Royal Olympic Club Charleroi Marchienne – WS Woluwe (25-11-2006)

Even before I left for Liverpool, my mate J.B. and I had decided to go for a real groundhop the next Saturday. We would go to the second team of Charleroi, the biggest city of Wallonie. Royal Olympic Club Charleroi Marchienne (or ROCCM) is one of these Belgian teams that have fallen on hard times. In the 1950s le ROCCM was a key player in the Belgian First Division, even clinching the title in 19??, but since than all has gone wrong. Now they play in the Derde Klasse B (Third Class B), in the shadow of local rivals Sporting Chareleroi, who are a solid team in (the lower part of) the First Division.

The afternoon started with a nice drink in Leuven with my Japanese groundhop-friend A.H., who couldn’t make it that night (and will regret it forever), and a too late departure. J.B. had scouted a truly authentic frietkot (imperfectly translatable as snack bar) on the way from Leuven to Charleroi, admittedly with some detour, and even though we were already somewhat late, we had to stop at Frituur Sabrina for a test – worth a visit! However, this all meant that we arrived very late in Charleroi, where we than got lost, and finally got to the Stade de “La Neuville”.

More than 25 minutes late, we found the gates to the stadium closed, but fortunately a nice steward opened it and let us in (for free!). We walked on the stand behind the goal and directly felt at home. This is how football should be!

We noticed that ROCCM was already 1-0 up, not surprising given that they are second in the league and WS (= White Star!) Woluwe ‘only’ 4th – in other words, we were witness of a true Meisterschaftsspiel in the Belgian Third Division B. Rather than watching the game, we just looked around, admiring the spirit of a truly local team. We were surprised to see many supporters with ROCCM scarves. We also spotted the mascot of the home team, a dog.

At half time we circled the ground. This must be one of the few stadiums I have visited were you could indeed circle the whole ground, i.e. get onto every stand of the stadium. This led to some fantastic sights, such as this wall at the back of the stadium

And this authentic sign to the main tribune

Walking back through the cantina, someone tapped me on the shoulder and said something in French. I was so perplexed that I didn’t understand. Than he asked me again, “didn’t I see you yesterday at the lecture in Brussels?”. And, indeed, it turned out that a colleague from a French speaking university in Brussels had sat behind me at an academic lecture the day before, was a lifelong fan of ROCCM and recognized me. And this unbelievable coincidence got an even more positive result, as he happily gave me his ticket as a souvenir, as J.B. and I had gotten in for free. Merci beaucoup! After that I visited the tiny fan shop, more a kind of kiosk, and bought a great banner (with the head of the dog – see also the car).

After the half time we returned to our favorite stand and watched a very entertaining game. The pace was quite fast and the combinations not bad. There were not many clear chances, but the game was very enjoyable.
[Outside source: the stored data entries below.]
lemma bcost_checkerboard: "m * n \<le> 2 * bcost (grid_V m n) checkerboard"
proof -
  define row where "row i = (\<Sum>j<n. if even (i + j) then 1 else 0 :: nat)" for i
  have "bcost (grid_V m n) checkerboard = (\<Sum>i<m. row i)"
    unfolding bcost_def grid_V_eq row_def checkerboard_def atLeast0LessThan sum.cartesian_product' by simp
  moreover have "row i + row (Suc i) = n" for i
  proof -
    have "row i + row (Suc i) = (\<Sum>j<n. 1)"
      unfolding row_def sum.distrib[symmetric] by (rule sum.cong) auto
    then show ?thesis by simp
  qed
  moreover have "n * 1 \<le> 2 * row 0"
    unfolding row_def by (rule double_sum_ge_if_consecutive_sums_const) simp_all
  ultimately show ?thesis using double_sum_ge_if_consecutive_sums_const[of row n] by simp
qed

definition end_rung_broadcast :: "nat \<Rightarrow> nat \<times> nat \<Rightarrow> nat" where
  "end_rung_broadcast n x = (if snd x = n - 1 then n - 1 else 0)"

lemma minimal_dominating_end_rung_broadcast:
  assumes "2 \<le> n"
  shows "minimal_dominating_broadcast (grid_V 2 n) grid_E (end_rung_broadcast n)"
  unfolding minimal_dominating_broadcast_def
proof (intro conjI ballI allI impI)
  show "is_broadcast (grid_V 2 n) grid_E (end_rung_broadcast n)"
  proof (rule is_broadcastI[OF finite_grid_V])
    fix v assume v: "v \<in> grid_V 2 n"
    have "(1 - fst v, 0) \<in> grid_V 2 n" and "end_rung_broadcast n v \<le> manhattan v (1 - fst v, 0)"
      using v assms by (auto simp: grid_V_eq end_rung_broadcast_def manhattan_def)
    then show "\<exists>w\<in>grid_V 2 n. end_rung_broadcast n v \<le> gdist (grid_V 2 n) grid_E v w"
      using v by (intro bexI[of _ "(1 - fst v, 0)"]) (auto simp: gdist_grid)
  qed
next
  show "dominating (grid_V 2 n) grid_E (end_rung_broadcast n)"
    unfolding dominating_def
  proof
    fix u assume u: "u \<in> grid_V 2 n"
    have "(fst u, n - 1) \<in> grid_V 2 n" and "manhattan u (fst u, n - 1) \<le> n - 1"
      using u assms by (auto simp: grid_V_eq manhattan_def)
    then show "\<exists>v\<in>grid_V 2 n. 1 \<le> end_rung_broadcast n v \<and>
                 gdist (grid_V 2 n) grid_E u v \<le> end_rung_broadcast n v"
      using u assms by (intro bexI[of _ "(fst u, n - 1)"]) (auto simp: gdist_grid end_rung_broadcast_def)
  qed
next
  fix v k assume v: "v \<in> grid_V 2 n" and k: "k < end_rung_broadcast n v"
  then have v_end: "snd v = n - 1" and "k < n - 1" by (auto simp: end_rung_broadcast_def split: if_splits)
  \<comment> \<open>The vertex at the other end of the row of v is dominated only by v.\<close>
  have u: "(fst v, 0) \<in> grid_V 2 n" using v by (auto simp: grid_V_eq)
  show "\<not> dominating (grid_V 2 n) grid_E ((end_rung_broadcast n)(v := k))"
  proof
    assume "dominating (grid_V 2 n) grid_E ((end_rung_broadcast n)(v := k))"
    then obtain w where "w \<in> grid_V 2 n" "1 \<le> ((end_rung_broadcast n)(v := k)) w"
      and "manhattan (fst v, 0) w \<le> ((end_rung_broadcast n)(v := k)) w"
      using u unfolding dominating_def by (auto simp: gdist_grid[OF u])
    then show False using v v_end \<open>k < n - 1\<close>
      by (cases w) (auto simp: grid_V_eq manhattan_def end_rung_broadcast_def split: if_splits)
  qed
qed

lemma bcost_end_rung_broadcast:
  assumes "1 \<le> n"
  shows "bcost (grid_V 2 n) (end_rung_broadcast n) = 2 * (n - 1)"
proof -
  have "bcost (grid_V 2 n) (end_rung_broadcast n) = (\<Sum>i<2::nat. \<Sum>j<n. if j = n - 1 then n - 1 else 0)"
    unfolding bcost_def grid_V_eq end_rung_broadcast_def atLeast0LessThan sum.cartesian_product' by simp
  also have "\<dots> = 2 * (n - 1)" using assms by simp
  finally show ?thesis .
qed

lemma bcost_minimal_dominating_2x2_le:
  assumes f: "minimal_dominating_broadcast (grid_V 2 2) grid_E f"
  shows "bcost (grid_V 2 2) f \<le> 2"
proof (cases "\<exists>v\<in>grid_V 2 2. 2 \<le> f v")
  case True
  then obtain v where v: "v \<in> grid_V 2 2" "2 \<le> f v" by blast
  have diam: "diam (grid_V 2 2) grid_E = 2" using diam_grid[of 2 2] by simp
  have "f w = 0" if "w \<in> grid_V 2 2 - {v}" for w
    using minimal_dominating_broadcast_diam_vertex_alone[OF finite_grid_V f v(1)] v that diam by auto
  then have "bcost (grid_V 2 2) f = f v"
    unfolding bcost_def using v(1) finite_grid_V by (simp add: sum.remove)
  also have "\<dots> \<le> 2" using f v(1) diam by (auto simp: minimal_dominating_broadcast_def is_broadcast_def)
  finally show ?thesis .
next
  case False
  define S where "S = {v \<in> grid_V 2 2. 0 < f v}"
  have "bcost (grid_V 2 2) f = sum f S"
    unfolding bcost_def S_def by (rule sum.mono_neutral_right) (auto simp: finite_grid_V)
  also have "\<dots> \<le> card S" using False S_def sum_bounded_above[of S f 1] by force
  also have "card S \<le> 2"
  proof (cases "S = {}")
    case False
    then obtain w where "w \<in> grid_V 2 2" "0 < f w" using S_def by blast
    then obtain u where u: "u \<in> grid_V 2 2"
      and u_private: "\<And>x. x \<in> grid_V 2 2 \<Longrightarrow> x \<noteq> w \<Longrightarrow> 0 < f x \<Longrightarrow> f x < gdist (grid_V 2 2) grid_E u x"
      using minimal_dominating_broadcast_private_vertex[OF f] by metis
    \<comment> \<open>In the 4-cycle only the antipode of u lies at distance 2 from u.\<close>
    have "S \<subseteq> {w, (1 - fst u, 1 - snd u)}"
    proof
      fix x assume x: "x \<in> S"
      show "x \<in> {w, (1 - fst u, 1 - snd u)}"
      proof (cases "x = w")
        case False
        then have "1 < manhattan u x"
          using u_private[of x] x u False \<open>\<not> (\<exists>v\<in>grid_V 2 2. 2 \<le> f v)\<close>
          by (auto simp: S_def gdist_grid)
        then show ?thesis using x u by (cases u; cases x) (auto simp: S_def grid_V_eq manhattan_def)
      qed simp
    qed
    then have "card S \<le> card {w, (1 - fst u, 1 - snd u)}" by (rule card_mono[rotated]) simp
    also have "\<dots> \<le> 2" by (simp add: card_insert_if)
    finally show ?thesis .
  qed simp
  finally show ?thesis .
qed

theorem mainTheorem14:
  fixes m n :: nat
  assumes "2 \<le> m" and "m \<le> n"
  shows "diametrical (box_V (path_V m) (path_V n)) (box_E path_E path_E) \<longleftrightarrow> m = 2 \<and> n = 2"
proof
  assume "diametrical (grid_V m n) grid_E"
  then have upper: "upper_broadcast_number (grid_V m n) grid_E = (m - 1) + (n - 1)"
    using diam_grid assms by (simp add: diametrical_def)
  show "m = 2 \<and> n = 2"
  proof (rule ccontr)
    assume "\<not> (m = 2 \<and> n = 2)"
    then consider "m = 2" "3 \<le> n" | "3 \<le> m" "3 \<le> n" using assms by linarith
    then show False
    proof cases
      case 1
      then show False
        using bcost_le_upper_broadcast_number[OF minimal_dominating_end_rung_broadcast, of n]
          bcost_end_rung_broadcast[of n] upper by simp
    next
      case 2
      then obtain a b where "m = a + 3" and "n = b + 3" by (metis add.commute le_iff_add)
      then have "2 * ((m - 1) + (n - 1)) < m * n" by (simp add: algebra_simps)
      then show False
        using bcost_le_upper_broadcast_number[OF minimal_dominating_checkerboard[of m n]]
          bcost_checkerboard[of m n] upper 2 by simp
    qed
  qed
next
  assume "m = 2 \<and> n = 2"
  moreover have "upper_broadcast_number (grid_V 2 2) grid_E = 2"
    using upper_broadcast_number_le[OF minimal_dominating_end_rung_broadcast bcost_minimal_dominating_2x2_le]
      bcost_le_upper_broadcast_number[OF minimal_dominating_end_rung_broadcast, of 2]
      bcost_end_rung_broadcast[of 2] by simp
  ultimately show "diametrical (grid_V m n) grid_E"
    using diam_grid[of 2 2] by (simp add: diametrical_def)
qed

end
After an hour or so the home team got to 2-0, after a nice half-volley, and seemed to have the game in the pocket. But a quarter hour before the end of the game one of the strikers of Woluwe made a beautiful dribble and was semi-fouled in the box: penalty and 2-1. This made the end of the game tense and exciting, even if in the end ROCCM won 2-1 (deservedly so).
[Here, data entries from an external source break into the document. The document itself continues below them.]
lemma orthonormal_family_inner:
  fixes v :: "nat \<Rightarrow> 'a::euclidean_space"
  assumes "\<And>i j. i < DIM('a) \<Longrightarrow> j < DIM('a) \<Longrightarrow> v i \<bullet> v j = (if i = j then 1 else 0)"
  shows "x \<bullet> y = (\<Sum>j<DIM('a). (x \<bullet> v j) * (y \<bullet> v j))"
proof -
  have "x \<bullet> y = x \<bullet> (\<Sum>j<DIM('a). (y \<bullet> v j) *\<^sub>R v j)"
    using orthonormal_family_expansion[OF assms] by metis
  then show ?thesis
    by (simp add: inner_sum_right mult.commute)
qed

lemma weighted_sum_bounds:
  fixes w l :: "nat \<Rightarrow> real"
  assumes w: "\<And>j. j < n \<Longrightarrow> 0 \<le> w j"
    and l: "\<And>i j. i \<le> j \<Longrightarrow> j < n \<Longrightarrow> l i \<le> l j"
  shows "l 0 * (\<Sum>j<n. w j) \<le> (\<Sum>j<n. l j * w j)"
    and "(\<Sum>j<n. l j * w j) \<le> l (n - 1) * (\<Sum>j<n. w j)"
  unfolding sum_distrib_left
  by (intro sum_mono mult_right_mono; use w l in simp)+

lemma weighted_step_factor_bounds:
  fixes w l :: "nat \<Rightarrow> real"
  assumes w: "\<And>j. j < n \<Longrightarrow> 0 \<le> w j"
    and l: "\<And>i j. i \<le> j \<Longrightarrow> j < n \<Longrightarrow> l i \<le> l j"
    and l0: "0 < l 0" and S0: "0 < (\<Sum>j<n. w j)" and i: "i < n"
  defines "f \<equiv> 1 - l i * (\<Sum>j<n. w j) / (\<Sum>j<n. l j * w j)"
  shows "f \<le> 1 - l i / l (n - 1)"
    and "- (l i / l 0 - 1) * ((\<Sum>j<i. w j) / (\<Sum>j<n. w j)) \<le> f"
proof -
  define S where "S = (\<Sum>j<n. w j)"
  define T where "T = (\<Sum>j<n. l j * w j)"
  define Sl where "Sl = (\<Sum>j<i. w j)"
  note mean = weighted_sum_bounds[of n w l, OF w l, folded S_def T_def]
  have li: "l 0 \<le> l i" "l i \<le> l (n - 1)"
    using l[of 0 i] l[of i "n - 1"] i by auto
  have S: "0 < S"
    using S0 by (simp add: S_def)
  then have T: "0 < T"
    using l0 mean(1) by (meson mult_pos_pos order.strict_trans2)
  show "f \<le> 1 - l i / l (n - 1)"
    using mean(2) S T l0 li unfolding f_def S_def[symmetric] T_def[symmetric]
    by (simp add: field_simps mult_left_mono)
  have "f * T = (\<Sum>j<n. (l j - l i) * w j)"
    using T by (simp add: f_def S_def T_def field_simps sum_subtractf sum_distrib_left)
  also have "\<dots> \<ge> (\<Sum>j<i. (l j - l i) * w j)"
  proof -
    have split: "{..<n} = {..<i} \<union> {i..<n}"
      using i by auto
    have "0 \<le> (\<Sum>j\<in>{i..<n}. (l j - l i) * w j)"
      by (intro sum_nonneg) (simp add: l w)
    then show ?thesis
      unfolding split by (subst sum.union_disjoint) auto
  qed
  also have "(\<Sum>j<i. (l j - l i) * w j) \<ge> - (l i - l 0) * Sl"
    unfolding Sl_def sum_distrib_left
    by (intro sum_mono) (use i l w in \<open>auto intro: mult_right_mono\<close>)
  finally have "- ((l i - l 0) * Sl / T) \<le> f"
    using T by (simp add: field_simps)
  moreover have "(l i - l 0) * Sl / T \<le> (l i - l 0) * Sl / (l 0 * S)"
    using mean(1) S T l0 li i w
    by (intro divide_left_mono mult_nonneg_nonneg) (auto simp: Sl_def intro: sum_nonneg)
  ultimately have "- ((l i - l 0) * Sl / (l 0 * S)) \<le> f"
    by linarith
  moreover have "- ((l i - l 0) * Sl / (l 0 * S)) = - (l i / l 0 - 1) * (Sl / S)"
    using l0 by (simp add: field_simps)
  ultimately show "- (l i / l 0 - 1) * (Sl / S) \<le> f"
    by simp
qed

lemma abs_mult_ratio_le_sqrt:
  fixes e S Sl :: real
  assumes "e\<^sup>2 \<le> S" "0 \<le> Sl" "Sl \<le> S"
  shows "\<bar>e\<bar> * (Sl / S) \<le> sqrt Sl"
proof (cases "S = 0")
  case False
  then have S: "0 < S"
    using assms by linarith
  have "\<bar>e\<bar> \<le> sqrt S"
    using assms(1) real_le_rsqrt by (simp add: real_sqrt_abs[symmetric] del: real_sqrt_abs)
  moreover have "Sl / S \<le> sqrt (Sl / S)"
    using assms S by (intro real_le_rsqrt) (auto simp: power2_eq_square field_simps mult_right_mono)
  ultimately have "\<bar>e\<bar> * (Sl / S) \<le> sqrt S * sqrt (Sl / S)"
    using assms S by (intro mult_mono) auto
  then show ?thesis
    using S by (simp add: real_sqrt_divide)
qed (use assms in simp)

lemma Fsq_eq_sum: "Fsq d0 d1 C \<theta> i = (\<Sum>j<i. (Fbound d0 d1 C \<theta> j)\<^sup>2)"
  by (induction i) auto

lemma abs_le_Fbound: "\<bar>d0 i\<bar> \<le> Fbound d0 d1 C \<theta> i"
  by (cases i) auto

lemma sqrt_sum_square_le_Fsq:
  fixes e :: "nat \<Rightarrow> real"
  assumes "\<And>j. j < i \<Longrightarrow> \<bar>e j\<bar> \<le> Fbound d0 d1 C \<theta> j * t" and "0 \<le> t"
  shows "sqrt (\<Sum>j<i. (e j)\<^sup>2) \<le> t * sqrt (Fsq d0 d1 C \<theta> i)"
proof -
  have "(\<Sum>j<i. (e j)\<^sup>2) \<le> (\<Sum>j<i. (Fbound d0 d1 C \<theta> j * t)\<^sup>2)"
  proof (intro sum_mono)
    fix j
    assume "j \<in> {..<i}"
    then have "\<bar>e j\<bar> \<le> \<bar>Fbound d0 d1 C \<theta> j * t\<bar>"
      using assms by fastforce
    then show "(e j)\<^sup>2 \<le> (Fbound d0 d1 C \<theta> j * t)\<^sup>2"
      by (simp only: abs_le_square_iff)
  qed
  also have "\<dots> = t\<^sup>2 * Fsq d0 d1 C \<theta> i"
    by (simp add: Fsq_eq_sum sum_distrib_left power_mult_distrib mult_ac)
  finally show ?thesis
    using assms(2) by (metis real_sqrt_le_mono real_sqrt_mult real_sqrt_abs abs_of_nonneg)
qed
Extremely happy J.B. and I returned to our car. This was exactly what we had hoped for. The true spirit of football, without the commercial interests and comfort zones of the big teams and stadiums. In many ways comparable to Royale Union Sint-Gilloise, the first groundhop the two of us did. After the disappointment of Anfield Road, the Stade de “La Neuville” more than made up for it. Groundhopping at its best!